**Supplied records:**
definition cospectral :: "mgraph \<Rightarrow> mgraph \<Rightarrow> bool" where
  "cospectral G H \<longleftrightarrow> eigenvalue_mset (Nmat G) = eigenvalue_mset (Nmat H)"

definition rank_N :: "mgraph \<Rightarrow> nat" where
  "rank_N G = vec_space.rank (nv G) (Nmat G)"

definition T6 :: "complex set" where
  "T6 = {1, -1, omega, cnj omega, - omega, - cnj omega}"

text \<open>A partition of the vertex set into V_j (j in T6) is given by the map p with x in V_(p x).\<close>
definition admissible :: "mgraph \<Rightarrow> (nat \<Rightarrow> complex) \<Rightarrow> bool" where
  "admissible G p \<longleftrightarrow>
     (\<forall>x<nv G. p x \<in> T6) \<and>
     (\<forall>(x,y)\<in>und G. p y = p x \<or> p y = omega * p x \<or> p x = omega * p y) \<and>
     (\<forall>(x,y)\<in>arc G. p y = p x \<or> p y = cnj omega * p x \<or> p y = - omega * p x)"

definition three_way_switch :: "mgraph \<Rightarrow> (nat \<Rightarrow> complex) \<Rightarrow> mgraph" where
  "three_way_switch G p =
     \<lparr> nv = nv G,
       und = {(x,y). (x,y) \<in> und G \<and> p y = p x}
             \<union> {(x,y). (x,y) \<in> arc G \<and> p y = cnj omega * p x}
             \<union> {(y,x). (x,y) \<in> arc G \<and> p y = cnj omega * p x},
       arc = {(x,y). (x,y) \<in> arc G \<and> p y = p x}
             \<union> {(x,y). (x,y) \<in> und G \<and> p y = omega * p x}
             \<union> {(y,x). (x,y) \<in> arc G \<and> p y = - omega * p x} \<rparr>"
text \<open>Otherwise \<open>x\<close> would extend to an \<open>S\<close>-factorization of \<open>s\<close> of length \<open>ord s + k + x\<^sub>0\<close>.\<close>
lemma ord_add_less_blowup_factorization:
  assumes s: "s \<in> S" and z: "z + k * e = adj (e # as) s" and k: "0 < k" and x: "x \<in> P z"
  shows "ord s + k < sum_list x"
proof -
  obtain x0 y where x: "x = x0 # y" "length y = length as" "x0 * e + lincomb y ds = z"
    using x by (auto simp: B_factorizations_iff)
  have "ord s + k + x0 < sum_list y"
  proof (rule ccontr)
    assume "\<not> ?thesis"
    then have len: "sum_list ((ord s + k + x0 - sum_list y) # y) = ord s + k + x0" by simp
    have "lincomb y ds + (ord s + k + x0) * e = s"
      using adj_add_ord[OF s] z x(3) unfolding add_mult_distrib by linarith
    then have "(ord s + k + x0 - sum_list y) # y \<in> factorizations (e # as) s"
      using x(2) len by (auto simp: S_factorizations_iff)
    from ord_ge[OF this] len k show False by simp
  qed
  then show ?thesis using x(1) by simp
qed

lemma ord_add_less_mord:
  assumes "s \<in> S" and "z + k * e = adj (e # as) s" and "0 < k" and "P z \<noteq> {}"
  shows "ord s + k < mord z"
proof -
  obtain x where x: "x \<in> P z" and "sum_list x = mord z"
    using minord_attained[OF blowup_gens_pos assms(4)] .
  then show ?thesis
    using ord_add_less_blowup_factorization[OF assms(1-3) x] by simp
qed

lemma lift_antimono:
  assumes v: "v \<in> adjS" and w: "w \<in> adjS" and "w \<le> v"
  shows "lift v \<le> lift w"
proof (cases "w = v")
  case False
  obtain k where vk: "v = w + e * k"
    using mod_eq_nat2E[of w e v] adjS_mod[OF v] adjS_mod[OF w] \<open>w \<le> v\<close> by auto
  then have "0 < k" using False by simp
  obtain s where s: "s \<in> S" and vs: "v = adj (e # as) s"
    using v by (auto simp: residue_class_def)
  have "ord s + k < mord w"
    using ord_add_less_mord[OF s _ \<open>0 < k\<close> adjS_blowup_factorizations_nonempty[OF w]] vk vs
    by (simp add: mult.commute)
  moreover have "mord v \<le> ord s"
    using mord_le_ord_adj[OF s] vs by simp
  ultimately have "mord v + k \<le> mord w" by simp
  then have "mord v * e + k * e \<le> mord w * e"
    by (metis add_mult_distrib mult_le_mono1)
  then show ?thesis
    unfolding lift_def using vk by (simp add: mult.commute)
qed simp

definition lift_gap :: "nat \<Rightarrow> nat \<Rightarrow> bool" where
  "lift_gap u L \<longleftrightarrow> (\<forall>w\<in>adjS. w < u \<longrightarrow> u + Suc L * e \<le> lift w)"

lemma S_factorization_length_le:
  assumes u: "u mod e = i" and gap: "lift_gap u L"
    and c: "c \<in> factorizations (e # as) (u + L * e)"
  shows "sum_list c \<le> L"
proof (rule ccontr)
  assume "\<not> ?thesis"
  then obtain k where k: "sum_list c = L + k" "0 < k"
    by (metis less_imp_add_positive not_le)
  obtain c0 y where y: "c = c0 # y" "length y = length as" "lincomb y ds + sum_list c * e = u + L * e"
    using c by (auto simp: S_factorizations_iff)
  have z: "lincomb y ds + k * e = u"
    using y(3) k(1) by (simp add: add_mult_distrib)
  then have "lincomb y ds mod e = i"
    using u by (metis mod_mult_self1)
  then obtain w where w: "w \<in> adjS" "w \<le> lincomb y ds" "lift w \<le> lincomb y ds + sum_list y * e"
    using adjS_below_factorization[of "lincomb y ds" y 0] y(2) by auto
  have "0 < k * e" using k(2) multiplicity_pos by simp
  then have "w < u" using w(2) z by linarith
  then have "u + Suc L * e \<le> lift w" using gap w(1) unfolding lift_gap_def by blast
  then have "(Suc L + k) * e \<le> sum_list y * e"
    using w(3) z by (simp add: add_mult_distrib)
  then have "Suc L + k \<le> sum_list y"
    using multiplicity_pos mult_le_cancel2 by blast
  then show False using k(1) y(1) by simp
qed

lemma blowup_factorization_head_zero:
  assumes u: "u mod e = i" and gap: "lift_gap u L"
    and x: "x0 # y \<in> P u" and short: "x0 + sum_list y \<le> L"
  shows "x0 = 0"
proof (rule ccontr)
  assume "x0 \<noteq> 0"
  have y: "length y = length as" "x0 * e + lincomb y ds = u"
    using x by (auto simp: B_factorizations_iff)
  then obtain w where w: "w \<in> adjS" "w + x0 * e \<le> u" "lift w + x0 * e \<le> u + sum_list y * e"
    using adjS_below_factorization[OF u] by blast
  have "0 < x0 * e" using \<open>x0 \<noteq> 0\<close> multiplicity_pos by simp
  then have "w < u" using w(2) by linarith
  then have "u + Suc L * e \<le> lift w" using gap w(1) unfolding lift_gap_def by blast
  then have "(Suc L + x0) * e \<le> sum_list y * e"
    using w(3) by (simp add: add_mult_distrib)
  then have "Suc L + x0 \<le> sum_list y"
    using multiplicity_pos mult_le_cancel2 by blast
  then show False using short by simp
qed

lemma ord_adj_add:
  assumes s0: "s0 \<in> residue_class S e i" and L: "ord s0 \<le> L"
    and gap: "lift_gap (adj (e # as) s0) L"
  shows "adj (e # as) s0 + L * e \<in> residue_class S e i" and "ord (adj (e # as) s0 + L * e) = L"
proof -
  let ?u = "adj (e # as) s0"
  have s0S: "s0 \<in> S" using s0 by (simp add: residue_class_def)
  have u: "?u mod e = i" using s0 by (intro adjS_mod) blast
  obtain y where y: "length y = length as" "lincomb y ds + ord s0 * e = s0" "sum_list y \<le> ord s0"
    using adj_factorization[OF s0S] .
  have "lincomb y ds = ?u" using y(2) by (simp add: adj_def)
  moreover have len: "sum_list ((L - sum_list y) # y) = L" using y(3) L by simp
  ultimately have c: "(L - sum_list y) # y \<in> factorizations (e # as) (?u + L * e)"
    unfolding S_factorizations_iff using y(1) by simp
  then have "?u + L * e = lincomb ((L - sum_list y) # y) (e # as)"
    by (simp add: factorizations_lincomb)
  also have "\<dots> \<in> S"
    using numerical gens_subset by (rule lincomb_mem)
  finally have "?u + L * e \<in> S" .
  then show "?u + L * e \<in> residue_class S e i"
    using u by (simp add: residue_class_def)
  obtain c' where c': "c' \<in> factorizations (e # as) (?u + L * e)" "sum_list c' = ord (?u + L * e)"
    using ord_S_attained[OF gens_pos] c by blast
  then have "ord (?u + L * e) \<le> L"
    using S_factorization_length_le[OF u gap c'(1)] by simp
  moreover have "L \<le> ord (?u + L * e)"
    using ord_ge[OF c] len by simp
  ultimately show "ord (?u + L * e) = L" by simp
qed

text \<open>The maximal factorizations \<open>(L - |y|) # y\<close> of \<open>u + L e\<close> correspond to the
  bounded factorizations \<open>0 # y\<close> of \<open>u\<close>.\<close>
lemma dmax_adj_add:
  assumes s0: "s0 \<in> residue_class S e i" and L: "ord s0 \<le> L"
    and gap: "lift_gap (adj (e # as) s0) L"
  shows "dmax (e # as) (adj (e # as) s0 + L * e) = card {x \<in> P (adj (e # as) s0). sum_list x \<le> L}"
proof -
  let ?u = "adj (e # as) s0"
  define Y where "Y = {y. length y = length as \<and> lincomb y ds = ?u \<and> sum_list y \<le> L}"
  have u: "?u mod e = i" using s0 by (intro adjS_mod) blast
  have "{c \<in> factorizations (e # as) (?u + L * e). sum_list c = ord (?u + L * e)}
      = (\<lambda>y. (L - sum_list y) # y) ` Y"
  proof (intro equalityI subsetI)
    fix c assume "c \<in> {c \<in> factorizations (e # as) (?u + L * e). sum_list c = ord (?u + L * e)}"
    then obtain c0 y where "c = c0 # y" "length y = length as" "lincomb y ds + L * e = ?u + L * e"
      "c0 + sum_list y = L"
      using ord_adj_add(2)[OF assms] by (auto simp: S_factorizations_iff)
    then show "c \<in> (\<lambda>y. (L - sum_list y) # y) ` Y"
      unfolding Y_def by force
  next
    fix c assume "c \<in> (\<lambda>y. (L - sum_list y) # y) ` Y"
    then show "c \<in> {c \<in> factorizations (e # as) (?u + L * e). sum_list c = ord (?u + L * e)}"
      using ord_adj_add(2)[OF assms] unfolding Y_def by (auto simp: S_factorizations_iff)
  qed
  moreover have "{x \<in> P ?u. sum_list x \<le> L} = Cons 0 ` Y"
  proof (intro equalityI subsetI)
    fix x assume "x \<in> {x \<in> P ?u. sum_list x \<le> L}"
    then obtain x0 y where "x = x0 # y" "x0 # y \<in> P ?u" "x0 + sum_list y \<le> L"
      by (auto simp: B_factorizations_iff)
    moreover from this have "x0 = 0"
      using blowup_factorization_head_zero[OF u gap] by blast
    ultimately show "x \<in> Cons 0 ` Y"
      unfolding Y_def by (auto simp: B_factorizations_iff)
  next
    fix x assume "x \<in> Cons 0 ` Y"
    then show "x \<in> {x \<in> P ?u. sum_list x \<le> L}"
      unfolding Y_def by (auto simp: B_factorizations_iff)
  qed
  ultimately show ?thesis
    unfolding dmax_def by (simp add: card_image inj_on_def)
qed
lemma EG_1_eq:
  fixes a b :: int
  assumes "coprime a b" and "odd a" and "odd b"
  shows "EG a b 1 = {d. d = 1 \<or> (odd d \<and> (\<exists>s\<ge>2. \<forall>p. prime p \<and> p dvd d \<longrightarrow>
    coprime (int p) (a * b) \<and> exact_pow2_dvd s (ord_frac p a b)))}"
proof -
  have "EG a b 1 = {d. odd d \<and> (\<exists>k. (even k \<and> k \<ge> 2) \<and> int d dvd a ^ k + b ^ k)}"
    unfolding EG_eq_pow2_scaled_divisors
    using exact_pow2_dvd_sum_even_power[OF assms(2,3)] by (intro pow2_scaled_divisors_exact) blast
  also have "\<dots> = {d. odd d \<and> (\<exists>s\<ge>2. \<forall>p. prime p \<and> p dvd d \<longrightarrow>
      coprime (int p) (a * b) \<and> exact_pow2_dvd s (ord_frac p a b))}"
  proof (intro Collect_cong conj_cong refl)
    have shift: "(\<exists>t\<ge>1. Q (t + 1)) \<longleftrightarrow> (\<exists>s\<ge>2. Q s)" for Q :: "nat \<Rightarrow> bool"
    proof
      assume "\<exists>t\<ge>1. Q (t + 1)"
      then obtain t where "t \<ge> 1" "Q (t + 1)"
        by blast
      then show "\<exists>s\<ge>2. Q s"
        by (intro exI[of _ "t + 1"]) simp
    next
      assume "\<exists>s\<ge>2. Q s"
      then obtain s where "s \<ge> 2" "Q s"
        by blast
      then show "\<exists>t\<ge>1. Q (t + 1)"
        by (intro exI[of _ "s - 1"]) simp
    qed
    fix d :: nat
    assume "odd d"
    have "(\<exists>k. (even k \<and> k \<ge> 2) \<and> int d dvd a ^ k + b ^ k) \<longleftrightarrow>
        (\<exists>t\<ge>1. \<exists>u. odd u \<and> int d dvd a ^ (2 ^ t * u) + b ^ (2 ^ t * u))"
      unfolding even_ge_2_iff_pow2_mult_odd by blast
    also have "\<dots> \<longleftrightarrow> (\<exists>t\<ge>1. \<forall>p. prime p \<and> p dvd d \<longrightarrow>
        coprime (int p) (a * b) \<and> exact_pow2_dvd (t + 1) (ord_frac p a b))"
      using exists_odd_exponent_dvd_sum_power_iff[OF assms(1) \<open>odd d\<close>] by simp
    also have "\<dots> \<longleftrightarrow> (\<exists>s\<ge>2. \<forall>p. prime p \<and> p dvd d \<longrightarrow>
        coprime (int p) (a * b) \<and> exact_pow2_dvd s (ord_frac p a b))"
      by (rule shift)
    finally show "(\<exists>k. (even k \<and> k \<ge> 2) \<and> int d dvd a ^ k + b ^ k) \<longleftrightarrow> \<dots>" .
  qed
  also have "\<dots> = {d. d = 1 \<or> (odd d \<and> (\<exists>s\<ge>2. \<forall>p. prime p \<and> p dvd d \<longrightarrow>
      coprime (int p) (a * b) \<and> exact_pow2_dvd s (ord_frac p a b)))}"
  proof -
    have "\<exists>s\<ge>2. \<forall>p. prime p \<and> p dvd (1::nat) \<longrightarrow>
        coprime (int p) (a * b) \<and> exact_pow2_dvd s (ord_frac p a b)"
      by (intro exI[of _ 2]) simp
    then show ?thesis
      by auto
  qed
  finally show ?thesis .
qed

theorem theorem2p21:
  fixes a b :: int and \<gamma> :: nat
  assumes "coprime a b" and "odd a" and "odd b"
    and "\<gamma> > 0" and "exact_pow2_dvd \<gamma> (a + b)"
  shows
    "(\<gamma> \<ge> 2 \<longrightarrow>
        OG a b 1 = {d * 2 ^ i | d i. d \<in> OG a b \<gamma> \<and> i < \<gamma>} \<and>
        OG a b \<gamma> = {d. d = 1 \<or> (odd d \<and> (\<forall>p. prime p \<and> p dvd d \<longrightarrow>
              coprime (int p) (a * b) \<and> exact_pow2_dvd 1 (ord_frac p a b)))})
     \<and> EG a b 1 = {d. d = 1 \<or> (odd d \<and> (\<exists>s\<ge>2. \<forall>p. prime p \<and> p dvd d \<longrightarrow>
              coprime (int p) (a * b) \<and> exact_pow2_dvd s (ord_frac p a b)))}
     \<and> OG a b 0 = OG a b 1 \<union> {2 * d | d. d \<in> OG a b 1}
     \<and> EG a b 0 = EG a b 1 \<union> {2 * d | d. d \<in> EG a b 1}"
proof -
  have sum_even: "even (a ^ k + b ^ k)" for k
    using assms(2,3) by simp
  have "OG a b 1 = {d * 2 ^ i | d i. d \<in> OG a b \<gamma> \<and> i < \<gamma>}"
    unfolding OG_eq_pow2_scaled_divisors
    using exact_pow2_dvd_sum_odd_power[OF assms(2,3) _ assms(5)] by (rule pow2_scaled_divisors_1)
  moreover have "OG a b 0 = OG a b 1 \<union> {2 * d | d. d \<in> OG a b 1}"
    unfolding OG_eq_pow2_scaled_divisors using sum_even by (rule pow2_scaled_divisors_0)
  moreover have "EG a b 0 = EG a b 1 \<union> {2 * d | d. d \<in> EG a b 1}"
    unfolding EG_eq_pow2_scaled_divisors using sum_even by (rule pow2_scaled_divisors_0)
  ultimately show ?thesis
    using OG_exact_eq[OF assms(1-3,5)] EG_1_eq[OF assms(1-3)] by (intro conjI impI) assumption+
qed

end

**Exercise requirements:** Lines with the word "this": how many appear in the data? State only the number.

**Task result:** 2